Вынырнув и откашлявшись, я завертел головой в поисках Мейера и увидел его совсем не в той стороне, где ожидал. Стараясь, чтобы лицо девушки оставалось над водой, я подплыл к ялику. Мейер втащил девушку в лодку. Держась за борт, я наблюдал, как он без лишних церемоний уложил девушку лицом вниз на скамейку у себя между ног и начал с силой нажимать ей на спину.

Отдышавшись, я кое–как перелез через борт и плюхнулся на скамейку. Прилив подходил к высшей точке – случись все на полчаса позже, мы не смогли бы ничего сделать.

– Если бы ты предупредил, что просидишь на дне столько времени, – заметил Мейер, – я успел бы сбегать в город и перехватить пару пива.

– Не отвлекайся. Пять минут назад она была жива. Вцепилась в меня обеими руками, но пришлось потратить чертову пропасть времени, чтобы отцепить ее от якоря. Тот, кто это сделал, не поскупился на проволоку.

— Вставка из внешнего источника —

lemma mem_complete_graph:
  "finite V \<Longrightarrow> e \<in># complete_graph V \<longleftrightarrow> e \<subseteq> V \<and> card e = 2"
  unfolding complete_graph_def by (simp add: finite_subset[of _ "Pow V"] subset_eq)

lemma size_complete_graph: "finite V \<Longrightarrow> size (complete_graph V) = card V choose 2"
  unfolding complete_graph_def by (simp add: n_subsets)

lemma simple_graph_complete_graph: "finite V \<Longrightarrow> simple_graph (complete_graph V)"
  unfolding simple_graph_def multigraph_def
  by (simp add: mem_complete_graph) (simp add: complete_graph_def count_mset_set')

lemma ex_cycles_complete_graph_less:
  assumes "finite V" "V \<noteq> {}"
  shows "ex_cycles (complete_graph V) < card V"
proof -
  obtain H where H: "H \<subseteq># complete_graph V" "\<not> has_cycle H" "size H = ex_cycles (complete_graph V)"
    by (rule ex_cycles_attained)
  have edges: "e \<subseteq> V \<and> card e = 2" if "e \<in># H" for e
  proof -
    have "e \<in># complete_graph V" using H(1) that by (rule mset_subset_eqD)
    then show ?thesis using assms(1) by (simp add: mem_complete_graph)
  qed
  have "size H = card (set_mset H)"
  proof (rule size_eq_card_set_mset)
    fix e show "count H e \<le> 1"
      using mset_subset_eq_count[OF H(1), of e] simple_graph_complete_graph[OF assms(1)]
      unfolding simple_graph_def by (meson le_trans)
  qed
  also have "\<dots> < card V"
  proof (cases "H = {#}")
    case False
    have "card (set_mset H) < card (\<Union>(set_mset H))"
      using edges H(2) False has_cycle_mono[of "mset_set (set_mset H)" H]
      by (intro acyclic_card_less_card_Union) auto
    also have "\<dots> \<le> card V" using edges assms(1) by (intro card_mono) auto
    finally show ?thesis .
  qed (use assms in \<open>simp add: card_gt_0_iff\<close>)
  finally show ?thesis using H(3) by simp
qed

lemma Sup_size_ex_cycles_less:
  fixes K :: "'a set multiset"
  assumes "\<And>G. P G \<Longrightarrow> multigraph G" "P K" "ex_cycles K < k" "size K = k choose 2"
  shows "Sup {enat (size G) | G. P G \<and> ex_cycles G < k} = enat (k choose 2)"
proof (rule antisym)
  show "Sup {enat (size G) | G. P G \<and> ex_cycles G < k} \<le> enat (k choose 2)"
  proof (rule Sup_least)
    fix x assume "x \<in> {enat (size G) | G. P G \<and> ex_cycles G < k}"
    then obtain G where "x = enat (size G)" "P G" "ex_cycles G < k" by blast
    then show "x \<le> enat (k choose 2)" using size_le_choose_two[OF assms(1)] by simp
  qed
  show "enat (k choose 2) \<le> Sup {enat (size G) | G. P G \<and> ex_cycles G < k}"
    using assms(2-4) by (intro Sup_upper) (auto simp flip: assms(4))
qed

theorem theorem3p8:
  fixes k :: nat
  assumes "k \<ge> 2"
  shows "E_cyc k = enat (k choose 2) \<and> E_cyc_multi k = enat (k choose 2) \<and>
    (\<forall>G :: 'a set multiset. multigraph G \<and> ex_cycles G < k \<and> size G = k choose 2
        \<longrightarrow> is_complete_graph G k)"
proof (intro conjI allI impI)
  let ?K = "complete_graph {0..<k}"
  have K: "simple_graph ?K" "ex_cycles ?K < k" "size ?K = k choose 2"
    using assms simple_graph_complete_graph ex_cycles_complete_graph_less[of "{0..<k}"]
      size_complete_graph[of "{0..<k}"] by auto
  show "E_cyc k = enat (k choose 2)"
    unfolding E_cyc_def by (rule Sup_size_ex_cycles_less) (use K in \<open>auto simp: simple_graph_def\<close>)
  show "E_cyc_multi k = enat (k choose 2)"
    unfolding E_cyc_multi_def by (rule Sup_size_ex_cycles_less) (use K in \<open>auto simp: simple_graph_def\<close>)
  fix G :: "'a set multiset"
  assume "multigraph G \<and> ex_cycles G < k \<and> size G = k choose 2"
  then show "is_complete_graph G k" using extremal_multigraph_is_complete_graph assms by blast
qed

end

– Наверное, никак не мог решиться на разрыв с такой красоткой, поэтому решился на убийство. Чувствительный тип!

– Послушай, ты уверен, что делаешь это правильно?

– Не лезь не в свое дело. Это мой собственный способ, и, кажется, он начинает действовать.

Я порылся в ящичке под сиденьем, вытащил фонарик и осветил девушку. Мокрая юбка сбилась в ком на бедрах. Кто бы ни был этот тип, на его месте я не стал бы разбрасываться девушками с такими ногами. Лодыжки все еще были стянуты проволокой. Опустившись на колени, я быстро перерезал ее кусачками. Ноги слегка раздвинулись и безвольно повисли носками внутрь. Я продолжил осмотр. Под левым бедром девушки лежали останки моего рыболовного снаряжения, несколько крючков впились ей в кожу. Я начал обрезать леску, но не успел закончить, как девушка пошевелилась, закашлялась и потянулась к борту. Деликатно поддерживая ее, Мейер с нескрываемой гордостью спросил:

– Ну что, убедился? Есть замечания?

– Почему ты отказался от старого доброго «рот в рот»?

– Не мог преодолеть эмоциональный барьер.

Избавившись от огромного количества жидкости, девушка знаком дала понять, что приступ закончился. С ловкостью медведя Мейер зачерпнул воды, обмыл ей лицо, вытер какой–то тряпкой и усадил на скамейку. Не удержавшись, я поднял фонарь.

Слабым протестующим движением она отмахнулась от света и, зажмурившись, пробормотала: «Пожалуйста, не надо».

Я отвел луч от ее лица. Оно ничуть не уступало ногам. Может быть, даже превосходило их, это овальное личико с неуловимо раскосыми темными глазами.

– По–моему, пора сматываться, Тревис, пока нам не сбросили еще одну. Кончай зевать и заводи мотор, – сказал Мейер, и, разумеется, был прав.